Good interviewing is the hallmark of the best documentarists; indeed, some have taken interviewing into the upper realms of filmic art. In

England, one of the best practitioners of the form is Alan Whicker, whose series Whicker's World was essential and delightful viewing for years.

Whicker was the urbane, soft-spoken, dark-suited interviewer who could go anywhere and ask the most outrageous questions. He got away with it because his questions were witty and down-to-earth, and wherever he went, he seemed to show a genuine interest in his subjects. He had the knack of establishing immediate contact, disarming his interviewees, and getting them to talk in the most intimate and frank way about anything from hippies, sex, and drugs to Kentucky race horses or millionaires' yachts. Like Bill Moyers, Whicker was the participatory interviewer who would do anything and try anything. He would ride in the cross-country hunt and then interview the master of the hounds, asking the hard questions about fox hunting as a blood sport. What characterizes Whicker and Moyers is that their questions are straightforward, not convoluted gush.

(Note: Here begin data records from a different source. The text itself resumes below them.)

lemma kernel_vanishes_ghosts_nonempty:
  assumes IH: "kernel_vanishes_below n" and vM: "valid_monoms M"
    and hom: "\<forall>m\<in>set M. mdeg m = g \<and> mlen m \<le> n" and ghosts: "\<forall>m\<in>set M. mghost m \<noteq> []"
    and ker: "\<pi>\<^sub>T (monoms_term M) = 0"
  shows "monoms_term M \<approx> LZero"
proof (rule monoms_term_zero_by_fibres[OF vM, of "\<lambda>m. hd (mghost m)"], rule allI)
  fix f
  define Mf where "Mf = filter (\<lambda>m. hd (mghost m) = f) M"
  have "monoms_term Mf \<approx> LZero"
  proof (cases "Mf = []")
    case True thus ?thesis by (simp add: lcong.refl lterms.zero)
  next
    case False
    then obtain m0 where m0: "m0 \<in> set M" "hd (mghost m0) = f" unfolding Mf_def
      by (auto simp: filter_empty_conv)
    have f: "f \<in> Ed"
    proof -
      obtain c u a b where "m0 = (c,u,a,b)" by (cases m0)
      thus ?thesis using m0 ghosts vM by (cases b) auto
    qed
    define R where "R = concat (map (monom_mult_edge f) M)"
    have R: "R = map drop_ghost_head Mf" unfolding R_def Mf_def
      using monoms_mult_edge_eq[OF ghosts] .
    have Rf: "LMul (monoms_term M) (LE f) \<approx> monoms_term R" and vR: "valid_monoms R"
      using monoms_mult_edge[OF f vM ghosts] unfolding R_def by auto
    have "\<forall>m'\<in>set R. mdeg m' = g + w f \<and> mlen m' < n"
    proof
      fix m' assume "m' \<in> set R"
      then obtain m where "m \<in> set M" "hd (mghost m) = f" "m' = drop_ghost_head m"
        unfolding R Mf_def by auto
      then show "mdeg m' = g + w f \<and> mlen m' < n"
        using hom ghosts mdeg_drop_ghost_head[of m] mlen_drop_ghost_head[of m] by fastforce
    qed
    then have R0: "monoms_term R \<approx> LZero"
      using kernel_vanishes_belowD[OF IH vR]
        pi_term_zero_mult_right[OF lterms_monoms_term[OF vM] lterms.gen_e[OF f] ker Rf] by blast
    have "map (cons_ghost f) R = Mf" unfolding R Mf_def
      using cons_ghost_drop_ghost_head[OF ghosts] .
    then have "LMul (monoms_term R) (LG f) \<approx> monoms_term Mf"
      using monoms_mult_ghost_edge[OF f vR] vM unfolding Mf_def by auto
    then have "monoms_term Mf \<approx> LMul (monoms_term R) (LG f)" by (rule lcong.sym)
    also have "\<dots> \<approx> LMul LZero (LG f)" using R0 f by (intro mul_cong_left lterms.intros)
    also have "\<dots> \<approx> LZero" using f by (intro LZero_mul lterms.intros)
    finally show ?thesis .
  qed
  then show "monoms_term (filter (\<lambda>m. hd (mghost m) = f) M) \<approx> LZero" unfolding Mf_def .
qed

lemma kernel_vanishes_vertex_monoms:
  assumes "u \<in> V" and "\<forall>m\<in>set M. m = (mcoef m, u, [], [])" and "\<pi>\<^sub>T (monoms_term M) = 0"
  shows "monoms_term M \<approx> LZero"
proof -
  have "\<pi>\<^sub>T (LSmul (sum_list (map mcoef M)) (LV u)) = 0"
    using pi_term_cong[OF monoms_term_at_vertex[OF assms(1,2)]] assms(3) by simp
  then have "sum_list (map mcoef M) = 0" using nonzero assms(1) by blast
  then show ?thesis using monoms_term_at_vertex_zero[OF assms(1,2)] by blast
qed

text \<open>In degree 0 the monomials of e* X are shorter: e* c p q* = c p' q* if p = e p', and
  e* c u = c e* has length 1.\<close>

lemma ghost_mult_kernel_vanishes:
  assumes IH: "kernel_vanishes_below n" and vM: "valid_monoms M"
    and hom: "\<forall>m\<in>set M. mdeg m = 0 \<and> mlen m \<le> n" and n: "2 \<le> n"
    and vertex: "\<forall>m\<in>set M. mpath m = [] \<longrightarrow> mghost m = []"
    and ker: "\<pi>\<^sub>T (monoms_term M) = 0" and e: "e \<in> Ed"
  shows "monoms_term (concat (map (ghost_mult_monom e) M)) \<approx> LZero"
proof -
  define T where "T = concat (map (ghost_mult_monom e) M)"
  have eT: "LMul (LG e) (monoms_term M) \<approx> monoms_term T" and vT: "valid_monoms T"
    using ghost_mult_monoms[OF e vM] unfolding T_def by auto
  have "\<forall>m'\<in>set T. mdeg m' = - w e \<and> mlen m' < n"
  proof
    fix m' assume "m' \<in> set T"
    then obtain m where m: "m \<in> set M" "m' \<in> set (ghost_mult_monom e m)" unfolding T_def by auto
    obtain c v a b where mm: "m = (c,v,a,b)" by (cases m)
    show "mdeg m' = - w e \<and> mlen m' < n"
    proof (cases a)
      case Nil
      then have "b = []" using vertex m mm by auto
      then show ?thesis using m mm Nil n by (auto split: if_splits)
    next
      case (Cons e' a')
      then have "m' = drop_path_head m" "e' = e" using m(2) mm by (auto split: if_splits)
      then show ?thesis
        using hom m mm Cons mdeg_drop_path_head[of m] mlen_drop_path_head[of m] by auto
    qed
  qed
  then show ?thesis
    using kernel_vanishes_belowD[OF IH vT]
      pi_term_zero_mult_left[OF lterms.gen_g[OF e] lterms_monoms_term[OF vM] ker eT]
    unfolding T_def by blast
qed

lemma coeff_sum_zero_if_ghost_edge_zero:
  assumes e: "e \<in> Ed" and zero: "monoms_term (map (\<lambda>m. (mcoef m, rg e, [], [e])) L) \<approx> LZero"
  shows "sum_list (map mcoef L) = 0"
proof -
  define T where "T = map (\<lambda>m. (mcoef m, rg e, []::'e list, [e])) L"
  have re: "rg e \<in> V" using e graph by auto
  have vT: "valid_monoms T" and "\<forall>m\<in>set T. mghost m \<noteq> []" unfolding T_def using e re by auto
  then have "LMul (monoms_term T) (LE e) \<approx> monoms_term (concat (map (monom_mult_edge e) T))"
    using monoms_mult_edge[OF e vT] by blast
  also have "\<dots> = monoms_term (map (\<lambda>m. (mcoef m, rg e, []::'e list, []::'e list)) L)"
    unfolding T_def monom_mult_edge_ghost_edge ..
  also have "\<dots> \<approx> LSmul (sum_list (map mcoef L)) (LV (rg e))"
    using monoms_term_at_vertex[OF re, of "map (\<lambda>m. (mcoef m, rg e, []::'e list, []::'e list)) L"]
    by (simp add: comp_def)
  finally have "\<pi>\<^sub>T (LSmul (sum_list (map mcoef L)) (LV (rg e))) = 0"
    using pi_term_zero_mult_right[OF lterms_monoms_term[OF vT] lterms.gen_e[OF e]
        pi_term_lcong_LZero[OF zero[folded T_def]]] by blast
  then show ?thesis using nonzero re by blast
qed

text \<open>An infinite emitter u has an edge e that starts no monomial of X; then e* X e is
  c (r e), where c is the sum of the coefficients of the vertex monomials c u of X.\<close>

lemma kernel_vanishes_at_infinite_emitter:
  assumes IH: "kernel_vanishes_below n" and vM: "valid_monoms M"
    and hom: "\<forall>m\<in>set M. mdeg m = 0 \<and> mlen m \<le> n"
    and vertex: "\<forall>m\<in>set M. mpath m = [] \<longrightarrow> mghost m = []"
    and ker: "\<pi>\<^sub>T (monoms_term M) = 0"
    and u: "u \<in> V" "infinite {e \<in> Ed. sr e = u}"
    and source: "\<forall>m\<in>set M. path_source sr (mpath m) (mvertex m) = u"
    and ghost: "\<And>e. e \<in> Ed \<Longrightarrow> monoms_term (concat (map (ghost_mult_monom e) M)) \<approx> LZero"
  shows "monoms_term M \<approx> LZero"
proof -
  define Vt where "Vt = filter (\<lambda>m. mpath m = []) M"
  define Nt where "Nt = filter (\<lambda>m. \<not> mpath m = []) M"
  have vVt: "valid_monoms Vt" and vNt: "valid_monoms Nt" using vM unfolding Vt_def Nt_def by auto
  have vertices: "\<forall>m\<in>set Vt. m = (mcoef m, u, [], [])"
  proof
    fix m assume "m \<in> set Vt"
    moreover obtain c v a b where "m = (c,v,a,b)" by (cases m)
    ultimately show "m = (mcoef m, u, [], [])" using source vertex unfolding Vt_def by auto
  qed
  have "infinite ({e \<in> Ed. sr e = u} - (\<lambda>m. hd (mpath m)) ` set Nt)"
    using u(2) by (simp add: Diff_infinite_finite)
  then obtain e where e: "e \<in> Ed" "sr e = u" and fresh: "\<forall>m\<in>set Nt. hd (mpath m) \<noteq> e"
    using infinite_imp_nonempty by blast
  have "concat (map (ghost_mult_monom e) M) = map (\<lambda>m. (mcoef m, rg e, [], [e])) Vt"
    unfolding Vt_def using ghost_mult_monoms_avoiding[OF source e(2) vertex] fresh
    unfolding Nt_def by auto
  then have "sum_list (map mcoef Vt) = 0"
    using coeff_sum_zero_if_ghost_edge_zero[OF e(1)] ghost[OF e(1)] by simp
  then have V0: "monoms_term Vt \<approx> LZero" using monoms_term_at_vertex_zero[OF u(1) vertices] by blast
  have M: "monoms_term M \<approx> LAdd (monoms_term Vt) (monoms_term Nt)"
    unfolding Vt_def Nt_def using monoms_term_filter_split[OF vM] .
  then have "\<pi>\<^sub>T (monoms_term M) = \<pi>\<^sub>T (monoms_term Vt) + \<pi>\<^sub>T (monoms_term Nt)"
    using pi_term_cong pi_term_add lterms_monoms_term vVt vNt by metis
  then have kerN: "\<pi>\<^sub>T (monoms_term Nt) = 0" using ker pi_term_lcong_LZero[OF V0] by simp
  have "\<forall>m\<in>set Nt. mdeg m = 0 \<and> mlen m \<le> n" "\<forall>m\<in>set Nt. mpath m \<noteq> []"
    using hom unfolding Nt_def by auto
  then have N0: "monoms_term Nt \<approx> LZero"
    using kernel_vanishes_paths_nonempty[OF IH vNt _ _ kerN] by blast
  have "monoms_term M \<approx> LAdd LZero LZero" using M V0 N0 by (blast intro: lcong.trans lcong.add_cong)
  then show ?thesis using LZero_add_LZero by (rule lcong.trans)
qed

lemma kernel_vanishes_degree_zero:
  assumes IH: "kernel_vanishes_below n" and vM: "valid_monoms M"
    and hom: "\<forall>m\<in>set M. mdeg m = 0 \<and> mlen m \<le> n"
    and ker: "\<pi>\<^sub>T (monoms_term M) = 0" and u: "u \<in> V"
    and source: "\<forall>m\<in>set M. path_source sr (mpath m) (mvertex m) = u"
  shows "monoms_term M \<approx> LZero"
proof -
  have vertex: "\<forall>m\<in>set M. mpath m = [] \<longrightarrow> mghost m = []"
    using vM hom mdeg_path_Nil(2) by blast
  show ?thesis
  proof (cases "\<forall>m\<in>set M. mpath m = []")
    case True
    have "\<forall>m\<in>set M. m = (mcoef m, u, [], [])"
    proof
      fix m assume "m \<in> set M"
      moreover obtain c v a b where "m = (c,v,a,b)" by (cases m)
      ultimately show "m = (mcoef m, u, [], [])" using True source vertex by auto
    qed
    then show ?thesis using kernel_vanishes_vertex_monoms[OF u _ ker] by blast
  next
    case False
    then obtain m e a where m: "m \<in> set M" "mpath m = e # a" by (auto simp: neq_Nil_conv)
    have "mghost m \<noteq> []" using mdeg_ghost_Nil(2)[of m] vM hom m by auto
    then have n: "2 \<le> n" using hom m by (cases m) (auto simp: neq_Nil_conv)
    have e: "e \<in> Ed" "sr e = u" using vM source m by (cases m, auto)+
    have ghost: "\<And>e. e \<in> Ed \<Longrightarrow> monoms_term (concat (map (ghost_mult_monom e) M)) \<approx> LZero"
      using ghost_mult_kernel_vanishes[OF IH vM hom n vertex ker] .
    show ?thesis
    proof (cases "regular_vertex Ed sr u")
      case True
      then show ?thesis using monoms_term_zero_at_regular_vertex[OF u True vM source] ghost by blast
    next
      case False
      moreover have "e \<in> {e \<in> Ed. sr e = u}" using e by simp
      ultimately have "infinite {e \<in> Ed. sr e = u}" unfolding regular_vertex_def by blast
      then show ?thesis
        using kernel_vanishes_at_infinite_emitter[OF IH vM hom vertex ker u _ source ghost] by blast
    qed
  qed
qed

lemma kernel_vanishes_at_vertex:
  assumes IH: "kernel_vanishes_below n" and vM: "valid_monoms M"
    and hom: "\<forall>m\<in>set M. mdeg m = g \<and> mlen m \<le> n"
    and ker: "\<pi>\<^sub>T (monoms_term M) = 0" and u: "u \<in> V"
    and source: "\<forall>m\<in>set M. path_source sr (mpath m) (mvertex m) = u"
  shows "monoms_term M \<approx> LZero"
proof -
  consider (paths) "\<forall>m\<in>set M. mpath m \<noteq> []" | (ghosts) "\<forall>m\<in>set M. mghost m \<noteq> []"
    | (mixed) m1 m2 where "m1 \<in> set M" "mpath m1 = []" "m2 \<in> set M" "mghost m2 = []"
    by blast
  then show ?thesis
  proof cases
    case paths
    then show ?thesis using kernel_vanishes_paths_nonempty[OF IH vM hom _ ker] by blast
  next
    case ghosts
    then show ?thesis using kernel_vanishes_ghosts_nonempty[OF IH vM hom _ ker] by blast
  next
    case mixed
    have "g \<le> 0" using mdeg_path_Nil(1)[of m1] vM hom mixed by auto
    moreover have "0 \<le> g" using mdeg_ghost_Nil(1)[of m2] vM hom mixed by auto
    ultimately have "\<forall>m\<in>set M. mdeg m = 0 \<and> mlen m \<le> n" using hom by auto
    then show ?thesis using kernel_vanishes_degree_zero[OF IH vM _ ker u source] by blast
  qed
qed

This leads me to the following cautions:

Caution one. Stay away from gush. Many interviewers think they have to demonstrate their wisdom and intelligence to the interviewee, so they trot out a knowledge of higher physics that would have an Einstein gasping. Gush is not only unnecessary but also quite off-putting.

Caution two. Keep the question simple, which is not the same as asking a simplistic question. In a program on the atom bomb, you could ask the following: "Everyone knows that there are tremendous intellectual and moral problems arising from the creation of the atom bomb. But then mankind through the ages has been beset by moral dilemmas. Bearing in mind the quantum leap of evil that Hitler represents, and also remembering the power and the influence of the Japanese militarism even after the Meiji restoration, was Oppenheimer spiritually and theologically correct in forwarding the Manhattan Project?" As I say, you could ask something like that—but I would resist temptation. It's dreadful rubbish. Instead, you could simply say, "What were the pros and cons of making the atom bomb, and do you think our attitude toward atomic weapons has changed over time?"

Caution three. Keep your questions open rather than biased toward a particular answer. I go crazy when someone opens a television interview with "Don't you agree with me that . . . " or "Wouldn't you say that Roosevelt was the greatest politician of the century?" Occasionally, you may want to be deliberately provocative or to play the devil's advocate, but it's a tricky business and best avoided until you are fairly experienced.

Caution four. Avoid interrupting the interviewee. This is one of the most common faults in interviewing and shows that you are uninterested in the answer. It also wrecks the pace of the interview and is apt to throw the interviewee off stride.